Sunday, July 24, 2011

Raise the $14.3 trillion national debt ceiling? Ho hum.

TEA Party budget cutting strategy will likely pay off

A bipartisan report on the likely result of failing to raise the nation's debt ceiling shows that emergent conditions would fail to materialize immediately.

Laissez faire analysts predict that a process of monetary equalization will take place as the result of the end of monetization of U.S. Treasury debt combined with a Congressional refusal to generate new debt over and above a statutory ceiling imposed last fall of $14.3 trillion.

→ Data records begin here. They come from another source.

proposition
  fixes f :: "real^'n \<Rightarrow> real^'n"
  assumes "linear f" "S \<in> lmeasurable"
  shows lmeasurable_linear_image_cart: "f ` S \<in> lmeasurable"
    and measure_linear_image_cart:
      "measure lebesgue (f ` S) = \<bar>det (matrix f)\<bar> * measure lebesgue S"
proof -
  let ?P = "\<lambda>f::real^'n \<Rightarrow> real^'n. \<forall>S\<in>lmeasurable. f ` S \<in> lmeasurable \<and>
              measure lebesgue (f ` S) = \<bar>det (matrix f)\<bar> * measure lebesgue S"
  have "?P f"
  proof (rule induct_linear_elementary [OF \<open>linear f\<close>]; intro ballI)
    fix f g :: "real^'n \<Rightarrow> real^'n" and S :: "(real^'n) set"
    assume "linear f" "linear g" and f: "?P f" and g: "?P g" and "S \<in> lmeasurable"
    then have gS: "g ` S \<in> lmeasurable"
      "measure lebesgue (g ` S) = \<bar>det (matrix g)\<bar> * measure lebesgue S"
      by blast+
    with f have "f ` g ` S \<in> lmeasurable"
      "measure lebesgue (f ` g ` S) = \<bar>det (matrix f)\<bar> * measure lebesgue (g ` S)"
      by blast+
    with gS show "(f \<circ> g) ` S \<in> lmeasurable \<and>
        measure lebesgue ((f \<circ> g) ` S) = \<bar>det (matrix (f \<circ> g))\<bar> * measure lebesgue S"
      using matrix_compose [OF \<open>linear g\<close> \<open>linear f\<close>] by (simp add: image_comp det_mul abs_mult)
  next
    fix f :: "real^'n \<Rightarrow> real^'n" and i and S :: "(real^'n) set"
    assume "linear f" "\<And>x. f x $ i = 0"
    then have "\<not> inj f"
      by (metis (full_types) linear_injective_imp_surjective one_neq_zero surjE vec_component)
    then have "negligible (f ` S)" "det (matrix f) = 0"
      using \<open>linear f\<close> negligible_linear_singular_image det_nz_iff_inj by blast+
    then show "f ` S \<in> lmeasurable \<and>
        measure lebesgue (f ` S) = \<bar>det (matrix f)\<bar> * measure lebesgue S"
      by (simp add: negligible_imp_measurable negligible_imp_measure0)
  next
    fix c :: "'n \<Rightarrow> real" and S :: "(real^'n) set"
    assume "S \<in> lmeasurable"
    then show "(\<lambda>x. \<chi> i. c i * x $ i) ` S \<in> lmeasurable \<and>
        measure lebesgue ((\<lambda>x. \<chi> i. c i * x $ i) ` S) =
          \<bar>det (matrix (\<lambda>x. \<chi> i. c i * x $ i))\<bar> * measure lebesgue S"
      by (simp add: measurable_stretch measure_stretch axis_def matrix_def det_diagonal)
  next
    fix m n :: 'n and S :: "(real^'n) set"
    assume "m \<noteq> n" "S \<in> lmeasurable"
    then show "(\<lambda>x. \<chi> i. x $ Transposition.transpose m n i) ` S \<in> lmeasurable \<and>
        measure lebesgue ((\<lambda>x. \<chi> i. x $ Transposition.transpose m n i) ` S) =
          \<bar>det (matrix (\<lambda>x::real^'n. \<chi> i. x $ Transposition.transpose m n i))\<bar> * measure lebesgue S"
      using measure_coordinate_swap_image [of S m n] abs_det_coordinate_swap [of m n] by simp
  next
    fix m n :: 'n and S :: "(real^'n) set"
    assume "m \<noteq> n" "S \<in> lmeasurable"
    then show "(\<lambda>x. \<chi> i. if i = m then x $ m + x $ n else x $ i) ` S \<in> lmeasurable \<and>
        measure lebesgue ((\<lambda>x. \<chi> i. if i = m then x $ m + x $ n else x $ i) ` S) =
          \<bar>det (matrix (\<lambda>x::real^'n. \<chi> i. if i = m then x $ m + x $ n else x $ i))\<bar> *
            measure lebesgue S"
      using measure_shear_image [of m n S] det_shear [of m n] by simp
  qed
  with assms show "f ` S \<in> lmeasurable" "measure lebesgue (f ` S) = \<bar>det (matrix f)\<bar> * measure lebesgue S"
    by blast+
qed

section \<open>Norms given as functions\<close>

lemma norm_fn_0: "is_norm_fn N \<Longrightarrow> N 0 = 0"
  unfolding is_norm_fn_def by blast

lemma norm_fn_eq_0_iff: "is_norm_fn N \<Longrightarrow> N x = 0 \<longleftrightarrow> x = 0"
  unfolding is_norm_fn_def by blast

lemma norm_fn_triangle: "is_norm_fn N \<Longrightarrow> N (x + y) \<le> N x + N y"
  unfolding is_norm_fn_def by blast

lemma norm_fn_scale: "is_norm_fn N \<Longrightarrow> N (c *\<^sub>R x) = \<bar>c\<bar> * N x"
  unfolding is_norm_fn_def by blast

lemma norm_fn_minus: "is_norm_fn N \<Longrightarrow> N (- x) = N x"
  using norm_fn_scale [of N "-1" x] by simp

lemma norm_fn_nonneg:
  assumes "is_norm_fn N"
  shows "0 \<le> N x"
  using norm_fn_triangle [OF assms, of x "- x"] norm_fn_0 [OF assms] norm_fn_minus [OF assms, of x]
  by simp

lemma norm_fn_pos: "is_norm_fn N \<Longrightarrow> x \<noteq> 0 \<Longrightarrow> 0 < N x"
  using norm_fn_nonneg [of N x] norm_fn_eq_0_iff [of N x] by linarith

lemma norm_fn_sum_le:
  assumes "is_norm_fn N"
  shows "N (sum f S) \<le> (\<Sum>i\<in>S. N (f i))"
proof (induction S rule: infinite_finite_induct)
  case (insert x F)
  then show ?case
    using norm_fn_triangle [OF assms, of "f x" "sum f F"] by simp
qed (simp_all add: norm_fn_0 [OF assms])

lemma norm_fn_le_norm:
  fixes N :: "real^'n \<Rightarrow> real"
  assumes "is_norm_fn N"
  obtains C where "0 < C" "\<And>x. N x \<le> C * norm x"
proof
  define C where "C = (\<Sum>i\<in>UNIV. N (axis i 1)) + 1"
  show "0 < C"
    unfolding C_def using norm_fn_nonneg [OF assms] by (simp add: sum_nonneg add_nonneg_pos)
  fix x :: "real^'n"
  have "N x = N (\<Sum>i\<in>UNIV. x $ i *\<^sub>R axis i 1)"
    using basis_expansion [of x] by (simp add: scalar_mult_eq_scaleR)
  also have "\<dots> \<le> (\<Sum>i\<in>UNIV. \<bar>x $ i\<bar> * N (axis i 1))"
    using norm_fn_sum_le [OF assms, of "\<lambda>i. x $ i *\<^sub>R axis i 1" UNIV]
    by (simp add: norm_fn_scale [OF assms])
  also have "\<dots> \<le> (\<Sum>i\<in>UNIV. norm x * N (axis i 1))"
    by (intro sum_mono mult_right_mono) (auto simp: component_le_norm_cart norm_fn_nonneg [OF assms])
  also have "\<dots> \<le> C * norm x"
    unfolding C_def by (simp add: sum_distrib_left [symmetric] algebra_simps)
  finally show "N x \<le> C * norm x" .
qed

lemma lipschitz_on_norm_fn:
  fixes N :: "real^'n \<Rightarrow> real"
  assumes "is_norm_fn N"
  obtains C where "C-lipschitz_on UNIV N"
proof -
  obtain C where C: "0 < C" "\<And>x. N x \<le> C * norm x"
    using norm_fn_le_norm [OF assms] by blast
  have "\<bar>N x - N y\<bar> \<le> C * norm (x - y)" for x y
    using norm_fn_triangle [OF assms, of "x - y" y] norm_fn_triangle [OF assms, of "y - x" x]
      norm_fn_minus [OF assms, of "x - y"] C(2) [of "x - y"]
    by simp
  then have "C-lipschitz_on UNIV N"
    using C(1) by (intro lipschitz_onI) (simp_all add: dist_real_def dist_norm)
  then show ?thesis ..
qed

lemma continuous_on_norm_fn:
  fixes N :: "real^'n \<Rightarrow> real"
  assumes "is_norm_fn N"
  shows "continuous_on S N"
  using lipschitz_on_norm_fn [OF assms]
  by (metis lipschitz_on_continuous_on continuous_on_subset subset_UNIV)

lemma norm_fn_ge_norm:
  fixes N :: "real^'n \<Rightarrow> real"
  assumes "is_norm_fn N"
  obtains c where "0 < c" "\<And>x. c * norm x \<le> N x"
proof -
  have "sphere (0::real^'n) 1 \<noteq> {}"
    by simp
  then obtain x0 where x0: "x0 \<in> sphere 0 1" "\<And>x. x \<in> sphere 0 1 \<Longrightarrow> N x0 \<le> N x"
    using continuous_attains_inf [OF compact_sphere _ continuous_on_norm_fn [OF assms]] by blast
  have "0 < N x0"
    using x0(1) by (intro norm_fn_pos [OF assms]) auto
  moreover have "N x0 * norm x \<le> N x" for x
  proof (cases "x = 0")
    case False
    then have "N x0 \<le> N ((1 / norm x) *\<^sub>R x)"
      by (intro x0(2)) simp
    also have "\<dots> = N x / norm x"
      by (simp add: norm_fn_scale [OF assms])
    finally show ?thesis
      using False by (simp add: field_simps)
  qed (simp add: norm_fn_0 [OF assms])
  ultimately show thesis
    using that by blast
qed

abbreviation unit_ball :: "(real^'n \<Rightarrow> real) \<Rightarrow> (real^'n) set" where
  "unit_ball N \<equiv> {x. N x \<le> 1}"

lemma compact_unit_ball:
  assumes "is_norm_fn N"
  shows "compact (unit_ball N)"
proof -
  obtain c where c: "0 < c" "\<And>x. c * norm x \<le> N x"
    using norm_fn_ge_norm [OF assms] by blast
  have "closed (unit_ball N)"
    by (rule closed_Collect_le [OF continuous_on_norm_fn [OF assms] continuous_on_const])
  moreover have "unit_ball N \<subseteq> cball 0 (1 / c)"
  proof
    fix x
    assume "x \<in> unit_ball N"
    then have "c * norm x \<le> 1"
      using c(2) [of x] by simp
    with c(1) show "x \<in> cball 0 (1 / c)"
      by (simp add: field_simps)
  qed
  ultimately show ?thesis
    by (metis bounded_cball bounded_subset compact_eq_bounded_closed)
qed

lemma ball_subset_unit_ball:
  fixes N :: "real^'n \<Rightarrow> real"
  assumes "is_norm_fn N"
  obtains \<delta> where "0 < \<delta>" "ball 0 \<delta> \<subseteq> unit_ball N"
proof -
  obtain C where C: "0 < C" "\<And>x. N x \<le> C * norm x"
    using norm_fn_le_norm [OF assms] by blast
  have "ball 0 (1 / C) \<subseteq> unit_ball N"
  proof
    fix x :: "real^'n"
    assume "x \<in> ball 0 (1 / C)"
    then have "C * norm x \<le> 1"
      using C(1) by (simp add: field_simps)
    then show "x \<in> unit_ball N"
      using C(2) [of x] by simp
  qed
  with C(1) show thesis
    using that [of "1 / C"] by simp
qed

lemma measure_ball_pos: "0 < \<delta> \<Longrightarrow> 0 < measure lebesgue (ball (c::'a::euclidean_space) \<delta>)"
  using content_ball_pos [of \<delta> c] by (simp add: measure_completion)

lemma measure_unit_ball_pos:
  fixes N :: "real^'n \<Rightarrow> real"
  assumes "is_norm_fn N"
  shows "0 < measure lebesgue (unit_ball N)"
proof -
  obtain \<delta> where "0 < \<delta>" "ball 0 \<delta> \<subseteq> unit_ball N"
    using ball_subset_unit_ball [OF assms] by blast
  then have "measure lebesgue (ball (0::real^'n) \<delta>) \<le> measure lebesgue (unit_ball N)"
    using lmeasurable_compact [OF compact_unit_ball [OF assms]] by (intro measure_mono_fmeasurable) auto
  with measure_ball_pos [OF \<open>0 < \<delta>\<close>] show ?thesis
    by (rule less_le_trans)
qed

lemma lipschitz_on_if_norm_fn_lipschitz:
  fixes N :: "real^'n \<Rightarrow> real" and f :: "real^'n \<Rightarrow> 'b::real_normed_vector"
  assumes "is_norm_fn N" "\<And>x y. norm (f x - f y) \<le> L * N (x - y)"
  obtains C where "C-lipschitz_on UNIV f"
proof -
  obtain C where C: "0 < C" "\<And>x. N x \<le> C * norm x"
    using norm_fn_le_norm [OF assms(1)] by blast
  have "norm (f x - f y) \<le> (\<bar>L\<bar> * C) * norm (x - y)" for x y
  proof -
    have "norm (f x - f y) \<le> \<bar>L\<bar> * N (x - y)"
      using assms(2) [of x y] norm_fn_nonneg [OF assms(1), of "x - y"]
      by (meson abs_ge_self mult_right_mono order_trans)
    also have "\<dots> \<le> \<bar>L\<bar> * (C * norm (x - y))"
      using C(2) by (simp add: mult_left_mono)
    finally show ?thesis
      by (simp add: mult.assoc)
  qed
  then have "(\<bar>L\<bar> * C)-lipschitz_on UNIV f"
    using C(1) by (intro lipschitz_onI) (simp_all add: dist_norm)
  then show ?thesis ..
qed

lemma borel_measurable_lipschitz_on:
  fixes f :: "'a::euclidean_space \<Rightarrow> 'b::real_normed_vector"
  assumes "C-lipschitz_on UNIV f"
  shows "f \<in> borel_measurable lborel"
  using borel_measurable_continuous_onI [OF lipschitz_on_continuous_on [OF assms]] by simp

lemma borel_measurable_if_norm_fn_lipschitz:
  fixes N :: "real^'n \<Rightarrow> real" and f :: "real^'n \<Rightarrow> 'b::real_normed_vector"
  assumes "is_norm_fn N" "\<And>x y. norm (f x - f y) \<le> L * N (x - y)"
  shows "f \<in> borel_measurable lborel"
  using lipschitz_on_if_norm_fn_lipschitz [OF assms] borel_measurable_lipschitz_on by metis

lemma norm_fn_lipschitz_if_lipschitz_on:
  fixes N :: "real^'n \<Rightarrow> real" and f :: "real^'n \<Rightarrow> 'b::real_normed_vector"
  assumes "is_norm_fn N" "C-lipschitz_on UNIV f"
  obtains L where "\<And>x y. norm (f x - f y) \<le> L * N (x - y)"
proof -
  obtain c where c: "0 < c" "\<And>x. c * norm x \<le> N x"
    using norm_fn_ge_norm [OF assms(1)] by blast
  have "norm (f x - f y) \<le> (C / c) * N (x - y)" for x y
  proof -
    have "norm (f x - f y) \<le> C * norm (x - y)"
      using lipschitz_on_normD [OF assms(2)] by simp
    also have "\<dots> \<le> C * (N (x - y) / c)"
      using c lipschitz_on_nonneg [OF assms(2)] by (intro mult_left_mono) (simp_all add: field_simps)
    finally show ?thesis
      by simp
  qed
  then show thesis
    by (rule that)
qed

section \<open>Volume ratios of unit balls\<close>

definition norm_contractions ::
    "(real^'n \<Rightarrow> real) \<Rightarrow> (real^'n \<Rightarrow> real) \<Rightarrow> (real^'n \<Rightarrow> real^'n) set" where
  "norm_contractions \<sigma> N = {F. linear F \<and> (\<forall>v. \<sigma> (F v) \<le> N v)}"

“Without a debt ceiling increase by August 2, the government will wake up August 3 unable to pay approximately 44% of its bills for August. The overwhelming majority of those bills are simply disbursements of funds for government programs, without which this would be a richer, freer country. Interest on the national debt due in August is not a big item...

“In the meantime, in the weeks and months that follow August 2, something unexpected would happen... something nobody in government wants you to know. You'd find out how much you don't need the government.

“For example, you'd find out that the Departments of Commerce, Energy, Interior, Agriculture, and a few others are completely unnecessary and a total waste of money. They'd spend only a couple hundred billion dollars out of a $3 trillion budget, but it would be a huge start on the way to showing you how unnecessary government is. Once that ball got rolling, it'd get harder and harder to stop.”

Dan Ferris, author of the financial newsletter, “Extreme Value.”

Extreme value theory is a branch of statistics dealing with the extreme deviations from the median of probability distributions. The general theory sets out to assess the type of probability distributions generated by processes.

Extreme value theory is important for assessing risk for highly unusual events, such as 100-year floods. The statistical models were pioneered by a gentleman who was working to define the probability of the weakest fiber in any given cotton thread and use the data to manufacture a stronger product.

It is often used to assess risk in day-to-day market fluctuations.